Nichts tun und nicht werten
Angehende Erzieher üben sich in Achtsamkeit
Königsfeld. Achtsamkeit ist laut der Internet-Enzyklopädie Wikipedia „ein Zustand von Geistesgegenwart, in dem ein Mensch hellwach die gegenwärtige Verfasstheit seiner direkten Umwelt, seines Körpers und seines Gemüts erfährt, ohne von Gedankenströmen, Erinnerungen, Phantasien oder starken Emotionen abgelenkt zu sein, ohne darüber nachzudenken oder diese Wahrnehmungen zu bewerten.“
An den Fachschulen für Sozialwesen und Sozialpädagogik der Zinzendorfschulen haben angehende Erzieherinnen und über 32 Stunden an einem Wahlpflichtfach zu diesem Thema teilgenommen. „Mir ging es dabei darum, das etwas strapazierte Konzept der Achtsamkeit als Nutzen für das pädagogische Handeln zu vermitteln“, erklärte die Lehrerin Bianca Jäger den Hintergrund ihres Angebotes.

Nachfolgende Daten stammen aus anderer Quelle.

(* Let $n\ge2$, let $\mathcal A$ be a maximal commutative subalgebra of $\mathcal M_d(\mathbb C)$, and let $\mathcal B$ be a maximal subalgebra of $\mathcal T_{n,d}[\mathcal A]$. Then: (i) $\mathcal D_{n,d}[\mathcal A]\subset\mathcal B$; (ii) if $A\in\mathcal B$, then $\mathbf E_k(A)\in\mathcal B$ for all $0\le k\le n-1$; (iii) $\mathcal B$ coincides with the linear span of $\mathbf E_0(\mathcal B),\dots,\mathbf E_{n-1}(\mathcal B)$; (iv) $\mathcal B$ is invariant under the action of $\mathfrak S_{n-1}$, i.e. $\sigma(A)\in\mathcal B$ for all $A\in\mathcal B$, $\sigma\in\mathfrak S_{n-1}$; (v) $\mathbf E_k(\mathcal B)\neq\{0\}$ for every $k=0,\dots,n-1$.
   Context: A block Toeplitz matrix is an $n\times n$ block matrix $A=(A_{i-j})_{i,j=0}^{n-1}$ with $A_m\in\mathcal M_d(\mathbb C)$. For $\mathcal A\subset\mathcal M_d(\mathbb C)$, $\mathcal T_{n,d}[\mathcal A]$ is the set of block Toeplitz matrices with all $A_m\in\mathcal A$, and $\mathcal D_{n,d}[\mathcal A]$ the set of those with additionally $A_m=0$ for $m\ne0$. A maximal subalgebra of $\mathcal T_{n,d}[\mathcal A]$ is a subalgebra of the matrix algebra (a linear subspace closed under multiplication) contained in $\mathcal T_{n,d}[\mathcal A]$ and maximal under inclusion among such. For $k=0,\dots,n-1$, $\mathbf E_k$ maps an $n\times n$ block matrix $T$ to the block matrix whose $(i,j)$ entry is $T_{i,j}$ if $i-j\in\{k,k-n\}$ and $0$ otherwise. The group $\mathfrak S_{n-1}$ of permutations of $\{1,\dots,n-1\}$ acts on block Toeplitz matrices by $B=\sigma(A)$ with $B_0=A_0$, $B_k=A_{\sigma^{-1}(k)}$, $B_{k-n}=A_{\sigma^{-1}(k)-n}$ for $1\le k\le n-1$. *)

theory Defs
  imports "Jordan_Normal_Form.Matrix" "HOL-Combinatorics.Permutations"
begin
(* The chain rule (v \<circ> u)' = v'(u) u', written for numerators and denominators. *)
lemma wronskian_homog:
  fixes a b c d :: "'a::field poly"
  assumes c: "degree c \<le> s" and d: "degree d \<le> s" and "a \<noteq> 0" "b \<noteq> 0" "1 \<le> s"
    and cd: "degree (wronskian c d) \<le> 2 * s - 2"
  shows "wronskian (homog s c a b) (homog s d a b) = wronskian a b * homog (2 * s - 2) (wronskian c d) a b"
proof -
  define \<theta> where "\<theta> x = pCons 0 (pderiv x)" for x :: "'a poly"
  define H where "H x = homog s x a b" for x
  define G where "G x = homog (2 * s) x a b" for x
  have deg_\<theta>: "degree (\<theta> x) \<le> s" if "degree x \<le> s" for x
    using degree_pCons_0_pderiv_le[of x] that unfolding \<theta>_def by linarith
  have deg_\<theta>': "degree (smult (of_nat s) x - \<theta> x) \<le> s" if "degree x \<le> s" for x
    using degree_diff_le[OF order.trans[OF degree_smult_le that] deg_\<theta>[OF that]] .
  have HH: "H x * H y = G (x * y)" if "degree x \<le> s" "degree y \<le> s" for x y
    using homog_mult[OF that \<open>b \<noteq> 0\<close>, of a] unfolding H_def G_def by (simp add: mult_2)
  have dH: "a * b * pderiv (H x) =
      pderiv a * b * H (\<theta> x) + a * pderiv b * H (smult (of_nat s) x - \<theta> x)"
    if "degree x \<le> s" for x
    using pderiv_homog[OF that] unfolding H_def \<theta>_def by simp
  have GX: "G ([:0, 1:] * wronskian c d) = a * b * homog (2 * s - 2) (wronskian c d) a b"
  proof -
    have "homog (2 * s - 2 + 2) ([:0, 1:] * wronskian c d) a b =
        a * b * homog (2 * s - 2) (wronskian c d) a b"
      by (rule homog_X_mult[OF cd \<open>b \<noteq> 0\<close>])
    moreover have "2 * s - 2 + 2 = 2 * s"
      using \<open>1 \<le> s\<close> by simp
    ultimately show ?thesis
      unfolding G_def by simp
  qed
  have G_minus: "G (- x) = - G x" for x
    unfolding G_def by (rule homog_minus)
  have \<theta>_wronskian: "\<theta> c * d - c * \<theta> d = [:0, 1:] * wronskian c d"
    unfolding \<theta>_def wronskian_def by (simp add: algebra_simps)
  have \<theta>'_wronskian:
    "(smult (of_nat s) c - \<theta> c) * d - c * (smult (of_nat s) d - \<theta> d) =
      - ([:0, 1:] * wronskian c d)"
    unfolding \<theta>_def wronskian_def by (simp add: algebra_simps)
  have "a * b * wronskian (H c) (H d) = (a * b * pderiv (H c)) * H d - H c * (a * b * pderiv (H d))"
    unfolding wronskian_def by (simp add: algebra_simps)
  also have "\<dots> = pderiv a * b * (H (\<theta> c) * H d - H c * H (\<theta> d)) +
      a * pderiv b * (H (smult (of_nat s) c - \<theta> c) * H d - H c * H (smult (of_nat s) d - \<theta> d))"
    unfolding dH[OF c] dH[OF d] by (simp add: algebra_simps)
  also have "\<dots> = pderiv a * b * G (\<theta> c * d - c * \<theta> d) +
      a * pderiv b * G ((smult (of_nat s) c - \<theta> c) * d - c * (smult (of_nat s) d - \<theta> d))"
    using HH deg_\<theta> deg_\<theta>' c d unfolding G_def by (simp add: homog_diff)
  also have "\<dots> = a * b * (wronskian a b * homog (2 * s - 2) (wronskian c d) a b)"
    unfolding \<theta>_wronskian \<theta>'_wronskian G_minus GX by (simp add: wronskian_def algebra_simps)
  finally show ?thesis
    using \<open>a \<noteq> 0\<close> \<open>b \<noteq> 0\<close> unfolding H_def by simp
qed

In dem Kurs lernten die jungen Erwachsenen, das Handeln ihres Gegenübers zunächst wertfrei aufzunehmen. Konkret bedeutet das für die angehenden Erzieherinnen und Erzieher, die Persönlichkeit des von ihnen betreuten Kindes erst einmal stehen zu lassen. Ein kurzes Innehalten erlaubt den Blick auf die individuelle Situation. Erst danach sollte eine Reaktion auf Worte oder Taten folgen.
Anhand verschiedener Übungen entwickeln die Teilnehmer eine hohe Präsenz im Umgang mit sich selbst und den Kindern. „Es ist eine Verankerung im Hier und jetzt“, so Bianca Jäger. Was so einfach klingt, sei aber ziemlich schwer in einer Welt, in der Multitasking und permanente Erreichbarkeit den Alltag bestimmen. Übungen im Nichtstun, Kurzmeditationen oder Übungen im Freien wie zum Beispiel stilles Gehen helfen dabei, den Blick auf Positives zu lenken.
„Gerade in Coronazeiten, die viele als emotionale Belastung empfinden, ist Achtsamkeit sehr hilfreich“, meint die Lehrerin. „Man braucht nicht viel, es muss einem aber wichtig sein.“ Durch beständige Übung könne Achtsamkeit sogar zu einer Lebenseinstellung werden.
Das haben auch die überraschend zahlreichen Teilnehmerinnen und Teilnehmer an dem Kurs festgestellt und geben ihr neues Wissen morgens als Impuls an ihre Mitschüler weiter.
Bild: Im Meditationsraum üben sich die Schülerinnen und Schüler in Achtsamkeit. Foto: Zinzendorfschulen
Zusatz-Info: Die Zinzendorfschulen in Königsfeld, eine der größten Privatschulen mit Internat in Baden-Württemberg, sind in ihrem Charakter ebenso ungewöhnlich wie in ihrem Bildungsangebot. Das Netz allgemeinbildender und beruflicher Abschlüsse ist weit gespannt von der Fachschulreife/mittleren Reife bis zur allgemeinen Hochschulreife. Sie werden von praxisnahen Berufsausbildungen in sozialpädagogischen Berufsfeldern abgerundet. Schülerinnen und Schüler – ob Externe oder in den Internaten – genießen die Atmosphäre der Geborgenheit in einem Schulwerk mit seiner mehr als 200-jährigen Geschichte und besonderen pädagogischen Grundsätzen.